Treatments like IUI (Intra Uterine Insemination) and IVF (In Vitro Fertilization) have proven successful to induce fertility in many cases but the number of failure cases of these treatments cannot be overlooked either, as these treatments involve huge costs including a number of physical side effects and emotional stress. The most common reasons for female infertility are hormone imbalances, problems in the uterus, or ovarian dysfunction. Because there are so many factors that go into getting pregnant, it can take numerous tests to determine what the issues are. But with this longer life span have come increased health problems, chronic illness and disease associated with aging, such as dementia and osteoporosis, as well as vulnerability to reduced socio-economic status. Most women still assume all of the household’s responsibility for the health of the family. Women continue their care-giving roles in their later years.

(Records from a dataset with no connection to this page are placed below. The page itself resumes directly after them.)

(* Suppose $d=2$ and let $\lambda\in\mathbb R$. Then $L,(L^*+\lambda)^2$ is a Leonard pair on $\mathcal P_d(\mathbb R)$ if and only if $r\neq s$ and $2(\lambda+1)\in\left\{\frac{r-s}{r+s+2},\frac{s-r}{r+s+4}\right\}$.
   Context: Let $r,s\in(-1,\infty)$. Write $(x)_i=x(x+1)\cdots(x+i-1)$, $(x)_0=1$. For $0\le i\le d$ put $\theta_i=(d-i)(d-i+r+s+1)$ (distinct) and $\theta^*_i=i$. Put $b^*_i=\frac{(d-i)(i-d-s)(2d-2i+r+s+2)_i}{(2d-2i+r+s)_{i+1}}$ ($0\le i\le d-1$), $c^*_i=\frac{i(i-d-r-1)(d-i+r+s+1)_{d-i}}{(d-i+r+s+2)_{d-i+1}}$ ($1\le i\le d$), $b^*_d=c^*_0=0$, and $a^*_i=\theta^*_0-b^*_i-c^*_i$. Let $\mathcal P_d(\mathbb R)$ be the real polynomials of degree at most $d$, each determined by its values at $\theta_0,\dots,\theta_d$. Let $L,L^*$ be the linear maps on $\mathcal P_d(\mathbb R)$ with $(Lf)(\theta_i)=\theta_i f(\theta_i)$ and $(L^*f)(\theta_i)=b^*_i f(\theta_{i+1})+a^*_i f(\theta_i)+c^*_i f(\theta_{i-1})$ ($0\le i\le d$; terms with coefficient $b^*_d$ or $c^*_0$ omitted); $\lambda$ stands for $\lambda$ times the identity. A square matrix is irreducible tridiagonal if its nonzero entries lie on the diagonal, subdiagonal or superdiagonal and all subdiagonal and superdiagonal entries are nonzero. A Leonard pair on a nonzero finite-dimensional vector space $V$ is an ordered pair $A,A^*$ of linear maps on $V$ such that there is an ordered basis in which $A$ is diagonal and $A^*$ is irreducible tridiagonal, and there is an ordered basis in which $A^*$ is diagonal and $A$ is irreducible tridiagonal. *)

theory Defs
  imports "HOL-Computational_Algebra.Polynomial"
begin

definition Pd :: "nat \<Rightarrow> real poly set" where
  "Pd d = {p. degree p \<le> d}"

definition is_basis :: "real poly set \<Rightarrow> nat \<Rightarrow> (nat \<Rightarrow> real poly) \<Rightarrow> bool" where
  "is_basis V n v \<longleftrightarrow> (\<forall>i<n. v i \<in> V) \<and>
     (\<forall>x\<in>V. \<exists>!c::nat \<Rightarrow> real. (\<forall>i\<ge>n. c i = 0) \<and> x = (\<Sum>i<n. smult (c i) (v i)))"

text \<open>M is the matrix of A with respect to the basis v (columns = images of basis vectors).\<close>
definition matrix_wrt :: "nat \<Rightarrow> (nat \<Rightarrow> real poly) \<Rightarrow> (real poly \<Rightarrow> real poly) \<Rightarrow> (nat \<Rightarrow> nat \<Rightarrow> real) \<Rightarrow> bool" where
  "matrix_wrt n v A M \<longleftrightarrow> (\<forall>j<n. A (v j) = (\<Sum>i<n. smult (M i j) (v i)))"

definition is_diagonal :: "nat \<Rightarrow> (nat \<Rightarrow> nat \<Rightarrow> real) \<Rightarrow> bool" where
  "is_diagonal n M \<longleftrightarrow> (\<forall>i<n. \<forall>j<n. i \<noteq> j \<longrightarrow> M i j = 0)"

definition irred_tridiagonal :: "nat \<Rightarrow> (nat \<Rightarrow> nat \<Rightarrow> real) \<Rightarrow> bool" where
  "irred_tridiagonal n M \<longleftrightarrow>
     (\<forall>i<n. \<forall>j<n. (i > j + 1 \<or> j > i + 1) \<longrightarrow> M i j = 0) \<and>
     (\<forall>i. i + 1 < n \<longrightarrow> M (i + 1) i \<noteq> 0 \<and> M i (i + 1) \<noteq> 0)"

definition linear_map_on :: "real poly set \<Rightarrow> (real poly \<Rightarrow> real poly) \<Rightarrow> bool" where
  "linear_map_on V A \<longleftrightarrow> A ` V \<subseteq> V \<and>
     (\<forall>x\<in>V. \<forall>y\<in>V. A (x + y) = A x + A y) \<and> (\<forall>a. \<forall>x\<in>V. A (smult a x) = smult a (A x))"

definition diag_tridiag_basis :: "real poly set \<Rightarrow> (real poly \<Rightarrow> real poly) \<Rightarrow> (real poly \<Rightarrow> real poly) \<Rightarrow> bool" where
  "diag_tridiag_basis V A B \<longleftrightarrow>
     (\<exists>n v M N. is_basis V n v \<and> matrix_wrt n v A M \<and> is_diagonal n M \<and>
                matrix_wrt n v B N \<and> irred_tridiagonal n N)"

definition leonard_pair :: "real poly set \<Rightarrow> (real poly \<Rightarrow> real poly) \<Rightarrow> (real poly \<Rightarrow> real poly) \<Rightarrow> bool" where
  "leonard_pair V A B \<longleftrightarrow> V \<noteq> {0} \<and> linear_map_on V A \<and> linear_map_on V B \<and>
     diag_tridiag_basis V A B \<and> diag_tridiag_basis V B A"

definition theta :: "real \<Rightarrow> real \<Rightarrow> nat \<Rightarrow> nat \<Rightarrow> real" where
  "theta r s d i = real (d - i) * (real (d - i) + r + s + 1)"

definition thetas :: "nat \<Rightarrow> real" where
  "thetas i = real i"

definition bs :: "real \<Rightarrow> real \<Rightarrow> nat \<Rightarrow> nat \<Rightarrow> real" where
  "bs r s d i = (if i < d then
      (real d - real i) * (real i - real d - s) * pochhammer (2 * real d - 2 * real i + r + s + 2) i
        / pochhammer (2 * real d - 2 * real i + r + s) (i + 1)
    else 0)"

definition cs :: "real \<Rightarrow> real \<Rightarrow> nat \<Rightarrow> nat \<Rightarrow> real" where
  "cs r s d i = (if 1 \<le> i \<and> i \<le> d then
      real i * (real i - real d - r - 1) * pochhammer (real d - real i + r + s + 1) (d - i)
        / pochhammer (real d - real i + r + s + 2) (d - i + 1)
    else 0)"

definition as :: "real \<Rightarrow> real \<Rightarrow> nat \<Rightarrow> nat \<Rightarrow> real" where
  "as r s d i = thetas 0 - bs r s d i - cs r s d i"

definition Lmap :: "real \<Rightarrow> real \<Rightarrow> nat \<Rightarrow> real poly \<Rightarrow> real poly" where
  "Lmap r s d f = (THE g. g \<in> Pd d \<and>
     (\<forall>i\<le>d. poly g (theta r s d i) = theta r s d i * poly f (theta r s d i)))"

text \<open>L*: terms with coefficient b*_d or c*_0 (both zero) are harmless, so are kept.\<close>
definition Lstar :: "real \<Rightarrow> real \<Rightarrow> nat \<Rightarrow> real poly \<Rightarrow> real poly" where
  "Lstar r s d f = (THE g. g \<in> Pd d \<and>
     (\<forall>i\<le>d. poly g (theta r s d i) =
        bs r s d i * poly f (theta r s d (i + 1)) + as r s d i * poly f (theta r s d i)
        + cs r s d i * poly f (theta r s d (i - 1))))"

end

theory Submission
  imports Defs
begin

text \<open>Evaluation at the distinct nodes theta_0, ..., theta_d identifies P_d(R) with R^(d+1): there
  L is the diagonal matrix diag(theta_i), L* is the tridiagonal matrix T with rows
  (c*_i, a*_i, b*_i), and B = (L* + lambda)^2 is S = (T + lambda)^2. An eigenbasis of L consists of
  rescaled Lagrange polynomials, so B is irreducible tridiagonal in such a basis iff, for some
  ordering of the nodes, the nonzero off-diagonal entries of S form a path. For d = 2 the entries
  S_02 = b*_0 b*_1 and S_20 = c*_2 c*_1 never vanish, while S_01, S_10 vanish iff
  a*_0 + a*_1 + 2 lambda = 0 and S_12, S_21 vanish iff a*_1 + a*_2 + 2 lambda = 0; so exactly
  one of these two linear equations in lambda must hold, and their solutions coincide iff r = s.
  The other half of the Leonard pair condition holds for every lambda: L* has the
  eigenvectors 1, x - 2(r+1), x^2 - (3r+s+6)x + 2(r+1)(r+2) with eigenvalues 0, 1, 2; they
  diagonalise B, and L is irreducible tridiagonal in this basis.\<close>

section \<open>Interpolation at distinct nodes\<close>

lemma Pd_add: "f \<in> Pd d \<Longrightarrow> g \<in> Pd d \<Longrightarrow> f + g \<in> Pd d"
  unfolding Pd_def by (auto intro: order.trans[OF degree_add_le])

lemma Pd_smult: "f \<in> Pd d \<Longrightarrow> smult a f \<in> Pd d"
  unfolding Pd_def by (auto intro: order.trans[OF degree_smult_le])

lemma Pd_sum: "(\<And>i. i \<in> I \<Longrightarrow> f i \<in> Pd d) \<Longrightarrow> sum f I \<in> Pd d"
  unfolding Pd_def by (cases "finite I") (auto intro: degree_sum_le)

lemma Pd_eqI:
  assumes t: "inj_on t {..d}" and f: "f \<in> Pd d" and g: "g \<in> Pd d"
    and vals: "\<And>i. i \<le> d \<Longrightarrow> poly f (t i) = poly g (t i)"
  shows "f = g"
proof (rule ccontr)
  assume "f \<noteq> g"
  then have h: "f - g \<noteq> 0" by simp
  have "t ` {..d} \<subseteq> {x. poly (f - g) x = 0}" using vals by auto
  then have "card (t ` {..d}) \<le> card {x. poly (f - g) x = 0}"
    by (rule card_mono[OF poly_roots_finite[OF h]])
  also have "\<dots> \<le> degree (f - g)" by (rule card_poly_roots_bound[OF h])
  also have "\<dots> \<le> d" using f g unfolding Pd_def by (auto intro: order.trans[OF degree_diff_le])
  finally show False using card_image[OF t] by simp
qed

definition lagrange_poly :: "(nat \<Rightarrow> real) \<Rightarrow> nat \<Rightarrow> nat \<Rightarrow> real poly" where
  "lagrange_poly t d k =
     smult (inverse (\<Prod>j\<in>{..d} - {k}. t k - t j)) (\<Prod>j\<in>{..d} - {k}. [:- t j, 1:])"

lemma lagrange_poly_in_Pd: "k \<le> d \<Longrightarrow> lagrange_poly t d k \<in> Pd d"
proof -
  assume k: "k \<le> d"
  have "degree (\<Prod>j\<in>{..d} - {k}. [:- t j, 1:]) \<le> card ({..d} - {k})"
    using degree_prod_sum_le[of "{..d} - {k}" "\<lambda>j. [:- t j, 1:]"] by simp
  also have "\<dots> = d" using k by simp
  finally show ?thesis
    unfolding Pd_def lagrange_poly_def by (auto intro: order.trans[OF degree_smult_le])
qed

But unfortunately, approximately 8 out of 10 women over the age of 65 suffer from certain women health concerns and problems. In this age group women health concerns like; coronary heart disease is the leading cause of death; lung cancer is second; breast cancer third; stroke fourth; and colorectal cancer is fifth. These symptoms occur more often in women than men and shouldn’t be ignored. It is crucial to be aware that 70% of women have similar symptoms of a heart attack as men, for instance sudden strong crushing chest pain and shortness of breath.

Women with a condition like diabetes at any age are at a very high risk of developing heart disease and stroke. When you make a comparison to women without diabetes these women have triple the risk of a condition like heart attack and a much greater risk of a stroke. Women who are active and more specifically involved in a regular exercise and nutrition program & take a total balance of health supplements are in a considerably better state of health and have less than half the risk of dying from heart disease and stroke.

Women need iron to produce red blood cells and iron deficiency anaemia. Specially formulated dietary supplements, women are crucial to women’s health. This is because women have a very specific lifestyle health must be addressed, and our modern world, polluted and busy making it difficult to do this is necessary. Most women have serious shortcomings in their food intake. Are mainly due to poor nutrition and increased stress on the body, women are increasingly affected by breast cancer, obesity, osteoporosis, premenstrual syndrome, infertility and skin diseases. Pregnancy and menopause also place heavy burdens on the body of a woman. Other Diseases: Chlamydia, Endometriosis is some diseases that cause inflammation or burning sensation in cervix and other fertility and reproduction related problems. Sometimes these diseases cause internal bleeding and injury. Methods such as contraception, sterilization are taken for safety from sexually transmitted diseases and hazards but one should always be careful that having unsafe sex with more partners would lead to any of the deadly diseases.